====== Record set ======
lemma bounded_op_unit_ball_bound:
  assumes "bounded_op A"
  obtains M where "\<And>f. f \<in> L2 \<Longrightarrow> l2norm f \<le> 1 \<Longrightarrow> l2norm (A f) \<le> M"
proof -
  obtain C where C: "\<And>f. f \<in> L2 \<Longrightarrow> l2norm (A f) \<le> C * l2norm f"
    using assms unfolding bounded_op_def by blast
  have "l2norm (A f) \<le> max C 0" if "f \<in> L2" "l2norm f \<le> 1" for f
  proof -
    have "C * l2norm f \<le> max C 0 * l2norm f"
      by (intro mult_right_mono l2norm_nonneg) simp
    then have "l2norm (A f) \<le> max C 0 * l2norm f"
      using C[OF that(1)] by linarith
    also have "\<dots> \<le> max C 0"
      using that(2) by (simp add: mult_left_le)
    finally show ?thesis .
  qed
  then show ?thesis using that by blast
qed

lemma bounded_op_L2: "bounded_op A \<Longrightarrow> f \<in> L2 \<Longrightarrow> A f \<in> L2"
  unfolding bounded_op_def by blast

lemma l2norm_diff_le_opnorm:
  assumes A: "bounded_op A" and B: "bounded_op B" and f: "f \<in> L2" "l2norm f \<le> 1"
  shows "l2norm (\<lambda>x. A f x - B f x) \<le> opnorm (\<lambda>f x. A f x - B f x)"
proof -
  obtain MA where MA: "\<And>f. f \<in> L2 \<Longrightarrow> l2norm f \<le> 1 \<Longrightarrow> l2norm (A f) \<le> MA"
    using bounded_op_unit_ball_bound[OF A] by blast
  obtain MB where MB: "\<And>f. f \<in> L2 \<Longrightarrow> l2norm f \<le> 1 \<Longrightarrow> l2norm (B f) \<le> MB"
    using bounded_op_unit_ball_bound[OF B] by blast
  show ?thesis
  proof (rule l2norm_le_opnorm[where M="MA + MB", OF _ f])
    fix g assume g: "g \<in> L2" "l2norm g \<le> 1"
    show "l2norm (\<lambda>x. A g x - B g x) \<le> MA + MB"
      using l2norm_diff_le[OF bounded_op_L2[OF A g(1)] bounded_op_L2[OF B g(1)]] MA[OF g] MB[OF g]
      by linarith
  qed
qed

lemma opnorm_diff_triangle:
  assumes A: "bounded_op A" and B: "bounded_op B" and C: "bounded_op C"
  shows "opnorm (\<lambda>f x. A f x - C f x) \<le> opnorm (\<lambda>f x. A f x - B f x) + opnorm (\<lambda>f x. B f x - C f x)"
proof (rule opnorm_le)
  fix f assume f: "f \<in> L2" "l2norm f \<le> 1"
  have "l2norm (\<lambda>x. A f x - C f x) = l2norm (\<lambda>x. (A f x - B f x) + (B f x - C f x))"
    by simp
  also have "\<dots> \<le> l2norm (\<lambda>x. A f x - B f x) + l2norm (\<lambda>x. B f x - C f x)"
    using bounded_op_L2[OF A f(1)] bounded_op_L2[OF B f(1)] bounded_op_L2[OF C f(1)]
    by (intro l2norm_add_le L2_diff)
  also have "\<dots> \<le> opnorm (\<lambda>f x. A f x - B f x) + opnorm (\<lambda>f x. B f x - C f x)"
    using l2norm_diff_le_opnorm[OF A B f] l2norm_diff_le_opnorm[OF B C f] by linarith
  finally show "l2norm (\<lambda>x. A f x - C f x)
      \<le> opnorm (\<lambda>f x. A f x - B f x) + opnorm (\<lambda>f x. B f x - C f x)" .
qed

lemma opnorm_vconv_op_le:
  assumes "continuous_on UNIV k" and B: "\<And>u. u \<in> {0..1} \<Longrightarrow> norm (k u) \<le> B"
    and "\<And>u. u \<in> {0..1} \<Longrightarrow> u > d \<Longrightarrow> k u = 0" and "d \<ge> 0"
  shows "opnorm (vconv_op k) \<le> B * sqrt d"
proof (rule opnorm_le)
  fix f assume f: "f \<in> L2" "l2norm f \<le> 1"
  have "B \<ge> 0" using order_trans[OF norm_ge_zero B[of 0]] by simp
  then have "B * sqrt d * l2norm f \<le> B * sqrt d"
    using f(2) \<open>d \<ge> 0\<close> by (simp add: mult_left_le)
  then show "l2norm (vconv_op k f) \<le> B * sqrt d"
    using l2norm_vconv_op_le[OF assms f(1)] by linarith
qed

lemma vconv_op_eq_0_near_0:
  assumes k0: "\<And>u. 0 \<le> u \<Longrightarrow> u \<le> \<delta> \<Longrightarrow> k u = 0"
    and g0: "\<And>y. 0 \<le> y \<Longrightarrow> y < c \<Longrightarrow> g y = 0" and x: "x \<le> c + \<delta>"
  shows "vconv_op k g x = 0"
proof -
  have "(\<lambda>t. indicator {0..x} t *\<^sub>R (k (x - t) * restrict01 g t)) = (\<lambda>t. 0)"
  proof
    fix t
    show "indicator {0..x} t *\<^sub>R (k (x - t) * restrict01 g t) = 0"
    proof (cases "t \<in> {0..x}")
      case True
      then show ?thesis
        using g0[of t] k0[of "x - t"] x by (cases "t < c") (auto simp: restrict01_def)
    qed simp
  qed
  then show ?thesis
    unfolding vconv_op_def vconv_def set_lebesgue_integral_def by simp
qed

lemma nilpotent_vconv_op:
  assumes k0: "\<And>u. 0 \<le> u \<Longrightarrow> u \<le> \<delta> \<Longrightarrow> k u = 0" and \<delta>: "\<delta> > 0"
  shows "nilpotent_op (vconv_op k)"
proof -
  obtain n :: nat where n: "real n * \<delta> > 1"
    using reals_Archimedean3[OF \<delta>] by blast
  have vanish: "(vconv_op k ^^ m) f y = 0" if "0 \<le> y" "y < real m * \<delta>" for m f y
    using that
  proof (induction m arbitrary: y)
    case (Suc m)
    have "(vconv_op k ^^ Suc m) f y = vconv_op k ((vconv_op k ^^ m) f) y"
      by simp
    also have "\<dots> = 0"
      by (rule vconv_op_eq_0_near_0[OF k0 Suc.IH]) (use Suc.prems in \<open>auto simp: algebra_simps\<close>)
    finally show ?case .
  qed simp
  have "l2norm ((vconv_op k ^^ n) f) = l2norm (\<lambda>x. 0)" for f
    by (rule l2norm_cong) (use vanish n in auto)
  then have "l2norm ((vconv_op k ^^ n) f) = 0" for f
    by (simp add: l2norm_zero)
  then show ?thesis unfolding nilpotent_op_def by blast
qed

section \<open>Cauchy's formula for repeated integration\<close>

definition iterated_kernel :: "nat \<Rightarrow> real \<Rightarrow> complex" where
  "iterated_kernel j u = complex_of_real (u ^ j / fact j)"

lemma continuous_iterated_kernel: "continuous_on UNIV (iterated_kernel j)"
  unfolding iterated_kernel_def by (intro continuous_intros) auto

lemma norm_iterated_kernel_le_1:
  assumes "0 \<le> u" and "u \<le> 1"
  shows "norm (iterated_kernel j u) \<le> 1"
proof -
  have "u ^ j \<le> 1" using assms by (intro power_le_one)
  moreover have "(1::real) \<le> fact j" by simp
  ultimately have "u ^ j / fact j \<le> 1"
    by (smt (verit) divide_le_eq_1 fact_gt_zero)
  moreover have "norm (iterated_kernel j u) = \<bar>u ^ j / fact j\<bar>"
    by (simp only: iterated_kernel_def norm_of_real)
  ultimately show ?thesis using assms by simp
qed

lemma integral_iterated_kernel:
  fixes t x :: real
  assumes "t \<le> x"
  shows "(\<integral>s. indicator {t..x} s * ((s - t) ^ j / fact j) \<partial>lborel) = (x - t) ^ Suc j / fact (Suc j)"
proof -
  have "(\<integral>s. indicator {t..x} s *\<^sub>R ((s - t) ^ j / fact j) \<partial>lborel) =
      (x - t) ^ Suc j / fact (Suc j) - (t - t) ^ Suc j / fact (Suc j)"
  proof (rule integral_FTC_atLeastAtMost[OF assms])
    fix s
    have "((\<lambda>s. s - t) has_real_derivative 1) (at s within {t..x})"
      by (auto intro!: derivative_eq_intros)
    from DERIV_power_Suc[OF this, of j]
    have "((\<lambda>s. (s - t) ^ Suc j / fact (Suc j)) has_real_derivative
        (real (Suc j) * (s - t) ^ j / fact (Suc j))) (at s within {t..x})"
      by (intro DERIV_cdivide) simp
    moreover have "real (Suc j) * (s - t) ^ j / fact (Suc j) = (s - t) ^ j / fact j"
      by (simp del: of_nat_Suc)
    ultimately show "((\<lambda>s. (s - t) ^ Suc j / fact (Suc j))
        has_vector_derivative ((s - t) ^ j / fact j)) (at s within {t..x})"
      by (simp add: has_real_derivative_iff_has_vector_derivative)
  qed (intro continuous_intros, simp)
  then show ?thesis by simp
qed

lemma integrable_unit_square_norm:
  assumes f: "L2_supp01 f"
  shows "integrable (lborel \<Otimes>\<^sub>M lborel)
    (\<lambda>(s, t). indicator {0..1::real} s * (indicator {0..1} t * norm (f t)))"
proof (rule lborel_pair.Fubini_integrable)
  note [measurable] = L2_supp01_measurable[OF f]
  show "(\<lambda>(s, t). indicator {0..1::real} s * (indicator {0..1} t * norm (f t)))
      \<in> borel_measurable (lborel \<Otimes>\<^sub>M lborel)"
    by measurable
  have "integrable lborel (\<lambda>t. norm (f t))"
    using L2_supp01_integrable[OF f] by simp
  then have int01: "integrable lborel (\<lambda>t. indicator {0..1} t * norm (f t))"
    using integrable_mult_indicator[of "{0..1}" lborel "\<lambda>t. norm (f t)"] by simp
  then show "AE s in lborel. integrable lborel
      (\<lambda>t. case (s, t) of (s, t) \<Rightarrow> indicator {0..1::real} s * (indicator {0..1} t * norm (f t)))"
    by simp
  have "(\<lambda>s. \<integral>t. norm (indicator {0..1::real} s * (indicator {0..1} t * norm (f t))) \<partial>lborel)
      = (\<lambda>s. indicator {0..1} s * (\<integral>t. indicator {0..1} t * norm (f t) \<partial>lborel))"
    by (simp add: abs_mult)
  then show "integrable lborel (\<lambda>s. \<integral>t. norm (case (s, t) of (s, t) \<Rightarrow>
      indicator {0..1::real} s * (indicator {0..1} t * norm (f t))) \<partial>lborel)"
    by (simp add: emeasure_lborel_Icc_eq)
qed

lemma integrable_iterated_vconv_integrand:
  assumes f: "L2_supp01 f" and x: "x \<le> 1"
  shows "integrable (lborel \<Otimes>\<^sub>M lborel)
    (\<lambda>(s, t). indicator {0..x} s *\<^sub>R (indicator {0..s} t *\<^sub>R (iterated_kernel j (s - t) * f t)))"
    (is "integrable _ (\<lambda>(s, t). ?G s t)")
proof -
  define H where "H s t = indicator {0..1::real} s * (indicator {0..1} t * norm (f t))"
    for s t :: real
  note [measurable] = L2_supp01_measurable[OF f]
    borel_measurable_continuous_onI[OF continuous_iterated_kernel]
  have H: "integrable (lborel \<Otimes>\<^sub>M lborel) (\<lambda>(s, t). H s t)"
    unfolding H_def by (rule integrable_unit_square_norm[OF f])
  have G: "(\<lambda>(s, t). ?G s t) \<in> borel_measurable (lborel \<Otimes>\<^sub>M lborel)"
  proof -
    have "(\<lambda>(s, t). ?G s t) = (\<lambda>z. (if 0 \<le> fst z \<and> fst z \<le> x then 1 else 0) *\<^sub>R
        ((if 0 \<le> snd z \<and> snd z \<le> fst z then 1 else 0) *\<^sub>R
          (iterated_kernel j (fst z - snd z) * f (snd z))))"
      by (auto simp: fun_eq_iff indicator_def)
    then show ?thesis by simp
  qed
  have bound: "norm (?G s t) \<le> norm (H s t)" for s t
  proof (cases "0 \<le> t \<and> t \<le> s \<and> s \<le> x")
    case True
    then have "norm (iterated_kernel j (s - t) * f t) \<le> norm (f t)"
      using norm_iterated_kernel_le_1[of "s - t" j] x by (simp add: norm_mult mult_left_le_one_le)
    then show ?thesis using True x by (simp add: H_def)
  next
    case False
    then have "?G s t = 0" by (auto simp: indicator_def)
    then show ?thesis by (metis norm_ge_zero norm_zero)
  qed
  show ?thesis
  proof (rule Bochner_Integration.integrable_bound[OF H G AE_I2])
    fix z :: "real \<times> real"
    show "norm (case z of (s, t) \<Rightarrow> ?G s t) \<le> norm (case z of (s, t) \<Rightarrow> H s t)"
      using bound by (cases z) simp
  qed
qed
======
- _What is required_: Could you find every line in the records above that has the string "sqrt" and copy it?

- _Solution to this task_:
  shows "opnorm (vconv_op k) \<le> B * sqrt d"
  then have "B * sqrt d * l2norm f \<le> B * sqrt d"
  then show "l2norm (vconv_op k f) \<le> B * sqrt d"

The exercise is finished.